Nick voleva chiedergli se trovava ancora bella la musica beat. Ma il tipo gli dava davvero sui nervi. Se ne stava seduto lì come un fottuto asceta su un treno sbagliato che non portava da nessuna parte. Muto e offeso dal fatto che uno come lui non fosse più richiesto di quei tempi. Nick aveva familiarità con quella condizione. In fondo anche lui viveva nel millennio sbagliato, si irritava con facilità, ovunque si sentiva fuori luogo, aveva un’opinione diversa su tutto e si percepiva di gran lunga sottovalutato.

Distolse lo sguardo e tentò di tenere a bada l’irritazione. Considerò che sarebbe stato più fortunato se avesse sfruttato a proprio vantaggio la magia del fallimento, interpretato il ruolo dello sconfitto e commercializzato la propria frustrazione. Avrebbe potuto creare un’opera che magari sarebbe caduta nel dimenticatoio, e tuttavia gli avrebbe concesso di vivere e godere di ogni tipo di perdizione.

Il nostro tempo è l’ultimo degli ultimi, una corsa a vuoto verso il nulla, pensò Nick.

Sfilò il telefono dalla tasca e immortalò il bicchiere di birra mezzo vuoto, per infastidire l’hippie.

A quelli come lui non piacciono, si disse. E non piacciono nemmeno agli Yuppies le mie foto scadenti. Un tempo però le avrebbero apprezzate tutti, persino Andy Warhol. Un tempo tutti quelli che volevano esprimersi diventavano di moda. Adesso invece milioni di persone fotografavano le lattine di Warhol, ma nessuna di queste era mai finita al MOMA.

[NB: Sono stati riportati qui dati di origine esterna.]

lemma vweight_friendship_centre_of_bij:
  assumes f: "bij_betw f (friendship_vertices n) {1..2*n+1}"
  shows "vweight (friendship_vertices n) (friendship_adj n) f 0 = (2*int n + 1) * (int n + 1) - int (f 0)"
proof -
  have "int (f 0) + (\<Sum>y\<in>{1..2*n}. int (f y)) = (\<Sum>y\<in>friendship_vertices n. int (f y))"
    by (simp add: friendship_vertices_insert_leaves)
  also have "\<dots> = (\<Sum>k\<in>{1..2*n+1}. int k)"
    using sum.reindex_bij_betw[OF f, of int] by simp
  also have "\<dots> = (2*int n + 1) * (int n + 1)"
    using double_gauss_sum_from_Suc_0[of "2*n+1", where ?'a = int] by (simp add: algebra_simps)
  finally show ?thesis by (simp add: vweight_friendship_centre)
qed

lemma vweight_friendship_leaves_of_bij:
  assumes f: "bij_betw f (friendship_vertices n) {1..2*n+1}"
  shows "vweight (friendship_vertices n) (friendship_adj n) f ` {1..2*n}
           = (\<lambda>j. int (f 0) + int j) ` ({1..2*n+1} - {f 0})"
proof -
  have "f ` {1..2*n} = {1..2*n+1} - {f 0}"
    using bij_betw_imp_surj_on[OF f] bij_betw_imp_inj_on[OF f]
    by (simp add: friendship_vertices_insert_leaves) (metis Diff_insert_absorb)
  then have partner_labels: "(\<lambda>x. f (friendship_partner x)) ` {1..2*n} = {1..2*n+1} - {f 0}"
    by (metis image_image friendship_partner_leaves)
  have "vweight (friendship_vertices n) (friendship_adj n) f ` {1..2*n}
          = (\<lambda>x. int (f 0) + int (f (friendship_partner x))) ` {1..2*n}"
    by (rule image_cong) (simp_all add: vweight_friendship_leaf)
  also have "\<dots> = (\<lambda>j. int (f 0) + int j) ` ((\<lambda>x. f (friendship_partner x)) ` {1..2*n})"
    by (simp add: image_image)
  finally show ?thesis
    unfolding partner_labels .
qed

lemma friendship_consecutive_leaf_weights:
  assumes "n \<ge> 2" and f: "bij_betw f (friendship_vertices n) {1..2*n+1}"
  obtains x y where "x \<in> {1..2*n}" "y \<in> {1..2*n}"
    and "vweight (friendship_vertices n) (friendship_adj n) f x \<le> 2 * int n + 2"
    and "vweight (friendship_vertices n) (friendship_adj n) f y
           = vweight (friendship_vertices n) (friendship_adj n) f x + 1"
proof -
  let ?W = "vweight (friendship_vertices n) (friendship_adj n) f"
  have c: "f 0 \<in> {1..2*n+1}"
    using bij_betw_apply[OF f] by (simp add: friendship_vertices_def)
  define j where "j = (if f 0 \<ge> 3 then 1 else (3::nat))"
  have j: "j \<in> {1..2*n+1} - {f 0}" "j + 1 \<in> {1..2*n+1} - {f 0}"
    "int (f 0) + int j \<le> 2 * int n + 2"
    using c \<open>n \<ge> 2\<close> by (auto simp: j_def)
  then have x: "int (f 0) + int j \<in> ?W ` {1..2*n}"
    and y: "int (f 0) + int (j + 1) \<in> ?W ` {1..2*n}"
    unfolding vweight_friendship_leaves_of_bij[OF f] by blast+
  obtain x where "x \<in> {1..2*n}" "?W x = int (f 0) + int j"
    using x by (metis imageE)
  moreover obtain y where "y \<in> {1..2*n}" "?W y = int (f 0) + int (j + 1)"
    using y by (metis imageE)
  ultimately show ?thesis
    using j(3) by (intro that[of x y]) simp_all
qed

lemma friendship_no_distance_antimagic_labeling:
  assumes "n \<ge> 3"
  shows "\<not> distance_antimagic_labeling (friendship_vertices n) (friendship_adj n) f a d"
proof
  let ?V = "friendship_vertices n" and ?W = "vweight (friendship_vertices n) (friendship_adj n) f"
  assume L: "distance_antimagic_labeling ?V (friendship_adj n) f a d"
  have f: "bij_betw f ?V {1..2*n+1}"
    using L by (simp add: distance_antimagic_labeling_def card_friendship_vertices)
  have "n \<ge> 2" using assms by simp
  then obtain x y where xy: "x \<in> {1..2*n}" "y \<in> {1..2*n}"
    and small: "?W x \<le> 2 * int n + 2" and step: "?W y = ?W x + 1"
    using f by (rule friendship_consecutive_leaf_weights)
  have in_V: "0 \<in> ?V" "x \<in> ?V" "y \<in> ?V"
    using xy by (auto simp: friendship_vertices_def)
  have "d = 1"
    using L finite_friendship_vertices in_V(2,3) step by (rule distance_antimagic_labeling_step_eq_1)
  with L have "bij_betw ?W ?V {a..a + int (card ?V) - 1}"
    using distance_antimagic_labeling_unit_step_iff[OF finite_friendship_vertices] by blast
  then have "?W ` ?V = {a..a + 2 * int n}"
    by (simp add: card_friendship_vertices bij_betw_def)
  then have "?W 0 \<in> {a..a + 2 * int n}" "?W x \<in> {a..a + 2 * int n}"
    using in_V(1,2) by blast+
  then have "?W 0 \<le> ?W x + 2 * int n"
    by simp
  moreover have "?W 0 \<ge> (2 * int n + 1) * int n"
  proof -
    have "int (f 0) \<le> 2 * int n + 1"
      using bij_betw_apply[OF f in_V(1)] by simp
    then show ?thesis
      using vweight_friendship_centre_of_bij[OF f] by (simp add: algebra_simps)
  qed
  moreover have "(2 * int n + 1) * 3 \<le> (2 * int n + 1) * int n"
    using assms by (intro mult_left_mono) auto
  ultimately show False
    using small by simp
qed

lemma friendship_1_distance_antimagic: "distance_antimagic (friendship_vertices 1) (friendship_adj 1) 3 1"
proof -
  define f :: "nat \<Rightarrow> nat" where "f x = (if x = 0 then 2 else if x = 1 then 1 else 3)" for x
  define W where "W = vweight (friendship_vertices 1) (friendship_adj 1) f"
  have V: "friendship_vertices 1 = {0, 1, 2}"
    by (auto simp: friendship_vertices_def)
  have "W 0 = 4"
    by (simp add: W_def vweight_friendship_centre f_def eval_nat_numeral atLeastAtMostSuc_conv)
  moreover have "W 1 = 5" "W 2 = 3"
    by (simp_all add: W_def vweight_friendship_leaf friendship_partner_def f_def)
  ultimately have "bij_betw f {0, 1, 2} {1..3}" "bij_betw W {0, 1, 2} {3..5}"
    by (auto simp: bij_betw_def f_def)
  then have "distance_antimagic_labeling (friendship_vertices 1) (friendship_adj 1) f 3 1"
    unfolding distance_antimagic_labeling_unit_step_iff[OF finite_friendship_vertices]
      card_friendship_vertices W_def[symmetric]
    unfolding V by simp
  then show ?thesis
    by (auto simp: distance_antimagic_def)
qed

lemma friendship_2_distance_antimagic: "distance_antimagic (friendship_vertices 2) (friendship_adj 2) 6 1"
proof -
  define f :: "nat \<Rightarrow> nat" where "f x = (if x = 0 then 5 else x)" for x
  define W where "W = vweight (friendship_vertices 2) (friendship_adj 2) f"
  have V: "friendship_vertices 2 = {0, 1, 2, 3, 4}"
    by (auto simp: friendship_vertices_def)
  have "W 0 = 10"
    by (simp add: W_def vweight_friendship_centre f_def eval_nat_numeral atLeastAtMostSuc_conv)
  moreover have "W 1 = 7" "W 2 = 6" "W 3 = 9" "W 4 = 8"
    by (simp_all add: W_def vweight_friendship_leaf friendship_partner_def f_def)
  ultimately have "bij_betw f {0, 1, 2, 3, 4} {1..5}" "bij_betw W {0, 1, 2, 3, 4} {6..10}"
    by (auto simp: bij_betw_def f_def)
  then have "distance_antimagic_labeling (friendship_vertices 2) (friendship_adj 2) f 6 1"
    unfolding distance_antimagic_labeling_unit_step_iff[OF finite_friendship_vertices]
      card_friendship_vertices W_def[symmetric]
    unfolding V by simp
  then show ?thesis
    by (auto simp: distance_antimagic_def)
qed

theorem mainTheorem15:
  fixes n :: nat
  assumes "n \<ge> 1"
  shows "(\<exists>a d :: int. d \<ge> 0 \<and>
           distance_antimagic (friendship_vertices n) (friendship_adj n) a d)
         \<longleftrightarrow> (n = 1 \<or> n = 2)"
proof
  assume "\<exists>a d :: int. d \<ge> 0 \<and> distance_antimagic (friendship_vertices n) (friendship_adj n) a d"
  then have "\<not> n \<ge> 3"
    using friendship_no_distance_antimagic_labeling by (auto simp: distance_antimagic_def)
  with assms show "n = 1 \<or> n = 2" by auto
next
  assume "n = 1 \<or> n = 2"
  then show "\<exists>a d :: int. d \<ge> 0 \<and> distance_antimagic (friendship_vertices n) (friendship_adj n) a d"
  proof
    assume "n = 1"
    with friendship_1_distance_antimagic show ?thesis by (intro exI[of _ 3] exI[of _ 1]) simp
  next
    assume "n = 2"
    with friendship_2_distance_antimagic show ?thesis by (intro exI[of _ 6] exI[of _ 1]) simp
  qed
qed

end
(* Let $\mathcal{A}\in\mathbb{R}^{m\times n\times p}$, $\mathcal{B}\in\mathbb{R}^{m\times l\times p}$, let $T\subset\mathcal{P}([n])$ be a finite nonempty collection of column blocks, and let $\omega>0$. Let $\mathcal{X}^{(k)}$ be the iterates of the TRBAGS method (defined in the context) with step size $\omega$, started from a fixed initial tensor $\mathcal{X}^{(0)}\in\mathbb{R}^{n\times l\times p}$, where the blocks $\tau_1,\tau_2,\dots$ are sampled independently and uniformly from $T$. Let $\mathcal{X}^\ddagger$ be a minimizer of $\|\mathcal{A}\mathcal{X}-\mathcal{B}\|_F^2$, let $\sigma^2=\max_{\tau\in T}\sigma_{\max}^2(\mathrm{bcirc}(\mathcal{A}_{:\tau:}))$ and $c_{\min}(T)=\min_{i\in[n]}|\{\tau\in T: i\in\tau\}|$. Suppose $2\omega-\omega^2\sigma^2>0$ and set $$\rho=1-(2\omega-\omega^2\sigma^2)\frac{c_{\min}(T)}{|T|}\sigma_{\min}^2(\mathrm{bcirc}(\mathcal{A})).$$ Then for every $k\ge0$, $$\mathbb{E}\big[\|\mathcal{A}\mathcal{X}^{(k)}-\mathcal{A}\mathcal{X}^\ddagger\|_F^2\,\big|\,\mathcal{X}^{(0)}\big]\le\rho^k\,\|\mathcal{A}\mathcal{X}^{(0)}-\mathcal{A}\mathcal{X}^\ddagger\|_F^2.$$ If, in addition, the system $\mathcal{A}\mathcal{X}=\mathcal{A}\mathcal{X}^\ddagger$ has the unique solution $\mathcal{X}=\mathcal{X}^\ddagger$, then for every $k\ge0$, $$\mathbb{E}\big[\|\mathcal{X}^{(k)}-\mathcal{X}^\ddagger\|_F^2\,\big|\,\mathcal{X}^{(0)}\big]\le\kappa^2(\mathcal{A})\,\rho^k\,\|\mathcal{X}^{(0)}-\mathcal{X}^\ddagger\|_F^2,$$ where $\kappa^2(\mathcal{A}):=\sigma_{\max}^2(\mathrm{bcirc}(\mathcal{A}^\dagger))\,\sigma_{\max}^2(\mathrm{bcirc}(\mathcal{A}))$.
   Context: All tensors are real third-order arrays. For $\mathcal{A}\in\mathbb{R}^{m\times n\times p}$ with frontal slices $\mathcal{A}_1,\dots,\mathcal{A}_p\in\mathbb{R}^{m\times n}$, $\mathrm{bcirc}(\mathcal{A})\in\mathbb{R}^{mp\times np}$ is the block-circulant matrix whose $(i,j)$ block ($i,j\in[p]$) is $\mathcal{A}_{((i-j)\bmod p)+1}$ (so its first block column is $\mathcal{A}_1,\mathcal{A}_2,\dots,\mathcal{A}_p$). For $\mathcal{B}\in\mathbb{R}^{n\times l\times p}$, $\mathrm{unfold}(\mathcal{B})\in\mathbb{R}^{np\times l}$ stacks the frontal slices $\mathcal{B}_1,\dots,\mathcal{B}_p$ vertically, and $\mathrm{fold}$ is its inverse. The t-product is $\mathcal{A}\mathcal{B}=\mathrm{fold}(\mathrm{bcirc}(\mathcal{A})\,\mathrm{unfold}(\mathcal{B}))\in\mathbb{R}^{m\times l\times p}$. The transpose $\mathcal{A}^*\in\mathbb{R}^{n\times m\times p}$ is obtained by transposing each frontal slice and reversing the order of the transposed slices $2$ through $p$ (so $\mathrm{bcirc}(\mathcal{A}^* )=\mathrm{bcirc}(\mathcal{A})^\top$). The pseudoinverse $\mathcal{A}^\dagger$ is the tensor with $\mathrm{bcirc}(\mathcal{A}^\dagger)=\mathrm{bcirc}(\mathcal{A})^\dagger$ (Moore–Penrose pseudoinverse). $\|\cdot\|_F$ is the Frobenius norm (square root of the sum of squares of all entries). $\sigma_{\min}(\mathbf{M}),\sigma_{\max}(\mathbf{M})$ are the smallest and largest singular values of a matrix $\mathbf{M}$. For $\tau\subset[n]$, $\mathcal{A}_{:\tau:}\in\mathbb{R}^{m\times|\tau|\times p}$ consists of the lateral slices (columns) of $\mathcal{A}$ indexed by $\tau$, and $\mathcal{E}_\tau\in\mathbb{R}^{n\times|\tau|\times p}$ is the tensor whose first frontal slice consists of the columns of $I_n$ indexed by $\tau$ and whose other frontal slices are zero (so $\mathcal{A}\mathcal{E}_\tau=\mathcal{A}_{:\tau:}$). $\mathcal{P}([n])$ is the power set of $[n]=\{1,\dots,n\}$. TRBAGS method with step size $\omega$: given $\mathcal{X}^{(0)}$, for $k=1,2,\dots$ sample $\tau_k$ and set $\mathcal{X}^{(k)}=\mathcal{X}^{(k-1)}-\omega\,\mathcal{E}_{\tau_k}\mathcal{A}_{:\tau_k:}^*(\mathcal{A}\mathcal{X}^{(k-1)}-\mathcal{B})$. *)

theory Defs
  imports "Jordan_Normal_Form.Char_Poly"
begin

Nick quasi si strappò il colletto dalla frustrazione. Scolò la birra e ruttò in faccia al tipo.

«Erano davvero una merda come si dice, i Settanta?»

«Non lo so, io sono nato negli Ottanta».

«Non dire cazzate», replicò Nick. «Sembri uno stupido hippie».

«In realtà sono insegnante di karate. Mettilo in conto, se cerchi rogna».

Nick andò verso l’uscita e strizzò gli occhi guardando la strada. Il solito ottenebramento delle notti brave era troppo forte per lui e la dose giornaliera di luce di cui aveva bisogno la trovava in un videogioco qualsiasi, nelle bettole o scattando foto con il suo telefono. Per un attimo pensò di tornarsene a casa. Ma non si addormentava mai prima di mezzogiorno e detestava i sogni che si fanno nel dormiveglia. Doveva essere sempre stremato, rintronato, perso prima di poter strisciare a letto e intraprendere il lungo viaggio di ritorno alla realtà dell’ineluttabile vita quotidiana. E a questo si aggiungeva che starsene sdraiato a scaldare la schiena di sua moglie con l’alito alcolico fino a quando lei svegliasse, non era una bella prospettiva.

Rabbrividendo prese dalla giacca gli occhiali da sole e se li infilò. L’aria era gelida e tirò su il colletto della camicia. Non aveva più voglia di bere, ma quali erano le alternative? La migliore sarebbe stata tornare indietro, sputare nella coca-cola dell’hippie, fotografare la sua faccia brufolosa e proiettarla sul muro di fronte, su cui un anarchico aveva scarabocchiato GERMANIA CREPA.

Anche per me potrebbero crepare tutti, pensò. Non solo i tedeschi.